#### [WHAT YOU WILL DO]
Check every line below, and copy those that include "UNIV".

#### [PROVIDED MATERIAL]
lemma sphere_d_sets[measurable]: "sphere_d d \<in> sets (Rd d)"
  unfolding sphere_d_def by measurable

text \<open>Measurements off the sphere or outside the noise support (a null set) are deliberately
  included: then the event \<open>W_N > r\<close> lies in a union of cylinders of these sets for every
  sample, not just for almost every one.\<close>

definition near_consistent :: "nat \<Rightarrow> real \<Rightarrow> (nat \<Rightarrow> real) \<Rightarrow> real \<Rightarrow> ((nat \<Rightarrow> real) \<times> real) set" where
  "near_consistent d \<delta> v \<eta> = {p \<in> space (Rd d) \<times> UNIV.
     fst p \<notin> sphere_d d \<or> \<delta> < \<bar>snd p\<bar> \<or> \<bar>inner_d d v (fst p) - snd p\<bar> \<le> \<delta> + \<eta>}"

lemma space_unif_noise[simp]: "space (unif_noise \<delta>) = UNIV"
  by (simp add: unif_noise_def)

lemma sets_unif_noise[simp, measurable_cong]: "sets (unif_noise \<delta>) = sets borel"
  by (simp add: unif_noise_def)

lemma near_consistent_sets:
  assumes "sets \<mu> = sets (Rd d)"
  shows "near_consistent d \<delta> v \<eta> \<in> sets (\<mu> \<Otimes>\<^sub>M unif_noise \<delta>')"
proof -
  have "near_consistent d \<delta> v \<eta> = {p \<in> space (Rd d \<Otimes>\<^sub>M (borel :: real measure)).
      fst p \<notin> sphere_d d \<or> \<delta> < \<bar>snd p\<bar> \<or> \<bar>inner_d d v (fst p) - snd p\<bar> \<le> \<delta> + \<eta>}"
    by (simp add: near_consistent_def space_pair_measure)
  also have "\<dots> \<in> sets (Rd d \<Otimes>\<^sub>M (borel :: real measure))" by measurable
  also have "sets (Rd d \<Otimes>\<^sub>M (borel :: real measure)) = sets (\<mu> \<Otimes>\<^sub>M unif_noise \<delta>')"
    using assms by (intro sets_pair_measure_cong) auto
  finally show ?thesis .
qed

lemma prob_space_unif_noise: "\<delta> > 0 \<Longrightarrow> prob_space (unif_noise \<delta>)"
  unfolding unif_noise_def by (intro prob_space_uniform_measure) auto

lemma emeasure_near_consistent_section:
  assumes dl: "\<delta> > 0" and eta: "\<eta> \<ge> 0" and phi: "\<phi> \<in> sphere_d d"
  shows "emeasure (unif_noise \<delta>) (Pair \<phi> -` near_consistent d \<delta> v \<eta>) \<le> ennreal (max 0 (2*\<delta> + \<eta> - \<bar>inner_d d v \<phi>\<bar>) / (2*\<delta>))"
proof -
  define a where "a = inner_d d v \<phi>"
  define X where "X = {\<epsilon>::real. \<delta> < \<bar>\<epsilon>\<bar> \<or> \<bar>a - \<epsilon>\<bar> \<le> \<delta> + \<eta>}"
  have phisp: "\<phi> \<in> space (Rd d)" using phi by (simp add: sphere_d_def)
  have sec: "Pair \<phi> -` near_consistent d \<delta> v \<eta> = X"
    using phi phisp by (auto simp: near_consistent_def X_def a_def)
  have Xb: "X \<in> sets borel" unfolding X_def by measurable
  define lo where "lo = max (-\<delta>) (a - \<delta> - \<eta>)"
  define hi where "hi = min \<delta> (a + \<delta> + \<eta>)"
  have sub: "{-\<delta>..\<delta>} \<inter> X \<subseteq> {lo..hi}"
    by (auto simp: X_def lo_def hi_def abs_le_iff)
  have len: "(if lo \<le> hi then hi - lo else 0) \<le> max 0 (2*\<delta> + \<eta> - \<bar>a\<bar>)"
    unfolding lo_def hi_def by (auto simp: abs_if max_def min_def)
  have "emeasure (unif_noise \<delta>) X = emeasure lborel ({-\<delta>..\<delta>} \<inter> X) / emeasure lborel {-\<delta>..\<delta>}"
    unfolding unif_noise_def using Xb by (subst emeasure_uniform_measure) auto
  also have "\<dots> \<le> emeasure lborel {lo..hi} / emeasure lborel {-\<delta>..\<delta>}"
    using sub Xb by (intro divide_right_mono_ennreal emeasure_mono) auto
  also have "emeasure lborel {lo..hi} \<le> ennreal (max 0 (2*\<delta> + \<eta> - \<bar>a\<bar>))"
  proof -
    have "emeasure lborel {lo..hi} = ennreal (if lo \<le> hi then hi - lo else 0)"
      by (rule emeasure_lborel_Icc_eq)
    then show ?thesis using len ennreal_leI by metis
  qed
  then have "emeasure lborel {lo..hi} / emeasure lborel {-\<delta>..\<delta>} \<le> ennreal (max 0 (2*\<delta> + \<eta> - \<bar>a\<bar>)) / ennreal (2*\<delta>)"
  proof -
    have "emeasure lborel {-\<delta>..\<delta>} = ennreal (2*\<delta>)" using dl by simp
    then show ?thesis using \<open>emeasure lborel {lo..hi} \<le> _\<close> by (simp add: divide_right_mono_ennreal)
  qed
  also have "\<dots> = ennreal (max 0 (2*\<delta> + \<eta> - \<bar>a\<bar>) / (2*\<delta>))"
    using dl by (intro divide_ennreal) auto
  finally show ?thesis unfolding sec a_def .
qed

lemma abs_scaled_minus_le:
  fixes a \<epsilon> t \<delta> :: real
  assumes "\<bar>a - \<epsilon>\<bar> \<le> \<delta>" "\<bar>\<epsilon>\<bar> \<le> \<delta>" "0 \<le> t" "t \<le> 1"
  shows "\<bar>t * a - \<epsilon>\<bar> \<le> \<delta>"
proof -
  have "\<bar>t * a - \<epsilon>\<bar> = \<bar>t * (a - \<epsilon>) - (1 - t) * \<epsilon>\<bar>" by (simp add: algebra_simps)
  also have "\<dots> \<le> t * \<bar>a - \<epsilon>\<bar> + (1 - t) * \<bar>\<epsilon>\<bar>"
    using assms by (auto intro: order_trans[OF abs_triangle_ineq4] simp: abs_mult)
  also have "\<dots> \<le> t * \<delta> + (1 - t) * \<delta>"
    using assms by (intro add_mono mult_left_mono) auto
  finally show ?thesis by (simp add: algebra_simps)
qed

section \<open>The measurement model\<close>

locale measurement_model =
  fixes d :: nat and \<delta> :: real and \<mu> :: "(nat \<Rightarrow> real) measure"
  assumes d_ge_1: "d \<ge> 1" and \<delta>_pos: "\<delta> > 0" and prob_space_mu: "prob_space \<mu>" and sets_mu: "sets \<mu> = sets (Rd d)"
    and AE_sphere: "AE v in \<mu>. v \<in> sphere_d d"
begin

abbreviation "\<nu> \<equiv> unif_noise \<delta>"
abbreviation "pair_law \<equiv> \<mu> \<Otimes>\<^sub>M \<nu>"
abbreviation "\<Omega> N \<equiv> sample_law N \<mu> \<delta>"

lemma space_mu: "space \<mu> = space (Rd d)"
  using sets_eq_imp_space_eq[OF sets_mu] .

lemma borel_measurable_inner_d_mu: "inner_d d v \<in> borel_measurable \<mu>"
  using measurable_cong_sets[OF sets_mu refl] borel_measurable_inner_d by blast

lemma small_ball_sets: "{\<phi> \<in> space \<mu>. \<bar>inner_d d v \<phi>\<bar> \<le> t} \<in> sets \<mu>"
  using borel_measurable_inner_d_mu[of v] by measurable

lemma emeasure_mu_eq_measure: "emeasure \<mu> A = ennreal (measure \<mu> A)"
proof -
  interpret prob_space \<mu> by (rule prob_space_mu)
  show ?thesis by (rule emeasure_eq_measure)
qed

lemma prob_space_noise: "prob_space \<nu>" using prob_space_unif_noise[OF \<delta>_pos] .

lemma emeasure_noise_le_1: "emeasure \<nu> A \<le> 1"
  using prob_space.emeasure_le_1[OF prob_space_noise] .

lemma emeasure_near_consistent_Fubini:
  "emeasure pair_law (near_consistent d \<delta> v \<eta>) = (\<integral>\<^sup>+\<phi>. emeasure \<nu> (Pair \<phi> -` near_consistent d \<delta> v \<eta>) \<partial>\<mu>)"
proof -
  interpret sigma_finite_measure \<nu> using prob_space_noise by (simp add: prob_space_imp_sigma_finite)
  show ?thesis by (rule emeasure_pair_measure_alt) (rule near_consistent_sets[OF sets_mu])
qed

lemma sphere_d_in_space_mu: "\<phi> \<in> sphere_d d \<Longrightarrow> \<phi> \<in> space \<mu>"
  by (simp add: space_mu sphere_d_def)

text \<open>For \<open>|\<langle>v, \<phi>\<rangle>| > 2\<eta>\<close> the window of admissible noise values has length at most
  \<open>2\<delta> - \<eta>\<close>, and by hypothesis this happens with probability at least \<open>1/2\<close>.\<close>

lemma emeasure_near_consistent_le_one_minus:
  assumes eta: "\<eta> > 0" "\<eta> \<le> 2*\<delta>"
    and sm: "measure \<mu> {\<phi> \<in> space \<mu>. \<bar>inner_d d v \<phi>\<bar> \<le> 2*\<eta>} \<le> 1/2"
  shows "emeasure pair_law (near_consistent d \<delta> v \<eta>) \<le> ennreal (1 - \<eta>/(4*\<delta>))"
proof -
  define c where "c = \<eta>/(2*\<delta>)"
  have c: "0 < c" "c \<le> 1" using eta \<delta>_pos by (auto simp: c_def)
  define Small where "Small = {\<phi> \<in> space \<mu>. \<bar>inner_d d v \<phi>\<bar> \<le> 2*\<eta>}"
  have Small: "Small \<in> sets \<mu>" unfolding Small_def by (rule small_ball_sets)
  have section_le: "AE \<phi> in \<mu>. emeasure \<nu> (Pair \<phi> -` near_consistent d \<delta> v \<eta>) \<le> ennreal (1 - c) + ennreal c * indicator Small \<phi>"
    using AE_sphere
  proof (rule AE_mp, intro AE_I2 impI)
    fix \<phi> assume phi: "\<phi> \<in> sphere_d d"
    show "emeasure \<nu> (Pair \<phi> -` near_consistent d \<delta> v \<eta>) \<le> ennreal (1 - c) + ennreal c * indicator Small \<phi>"
    proof (cases "\<phi> \<in> Small")
      case True
      then have "ennreal (1 - c) + ennreal c * indicator Small \<phi> = 1"
        using c by (simp add: ennreal_plus[symmetric] del: ennreal_plus)
      then show ?thesis using emeasure_noise_le_1 by simp
    next
      case False
      then have big: "2*\<eta> < \<bar>inner_d d v \<phi>\<bar>" using sphere_d_in_space_mu[OF phi] by (auto simp: Small_def)
      have "max 0 (2*\<delta> + \<eta> - \<bar>inner_d d v \<phi>\<bar>) / (2*\<delta>) \<le> 1 - c"
        using big eta \<delta>_pos by (auto simp: c_def field_simps max_def)
      then have "emeasure \<nu> (Pair \<phi> -` near_consistent d \<delta> v \<eta>) \<le> ennreal (1 - c)"
        using emeasure_near_consistent_section[OF \<delta>_pos _ phi, of \<eta> v] eta
        by (meson ennreal_leI less_imp_le order_trans)
      then show ?thesis using False by simp
    qed
  qed
  have "emeasure pair_law (near_consistent d \<delta> v \<eta>) \<le> (\<integral>\<^sup>+\<phi>. ennreal (1 - c) + ennreal c * indicator Small \<phi> \<partial>\<mu>)"
    unfolding emeasure_near_consistent_Fubini using section_le by (rule nn_integral_mono_AE)
  also have "\<dots> = ennreal (1 - c) * emeasure \<mu> (space \<mu>) + ennreal c * emeasure \<mu> Small"
    using Small by (subst nn_integral_add) (auto simp: nn_integral_cmult_indicator)
  also have "\<dots> = ennreal (1 - c) + ennreal c * ennreal (measure \<mu> Small)"
    using prob_space_mu by (simp add: prob_space.emeasure_space_1 emeasure_mu_eq_measure[of Small])
  also have "\<dots> \<le> ennreal (1 - c) + ennreal c * ennreal (1/2)"
    using sm unfolding Small_def by (intro add_mono mult_mono ennreal_leI) auto
  also have "\<dots> = ennreal (1 - c + c * (1/2))"
    using c by (subst ennreal_mult[symmetric], simp, simp, subst ennreal_plus[symmetric]) auto
  also have "1 - c + c * (1/2) = 1 - \<eta>/(4*\<delta>)" using \<delta>_pos by (simp add: c_def field_simps)
  finally show ?thesis .
qed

#### [ANSWER SPACE]
  "near_consistent d \<delta> v \<eta> = {p \<in> space (Rd d) \<times> UNIV.
lemma space_unif_noise[simp]: "space (unif_noise \<delta>) = UNIV"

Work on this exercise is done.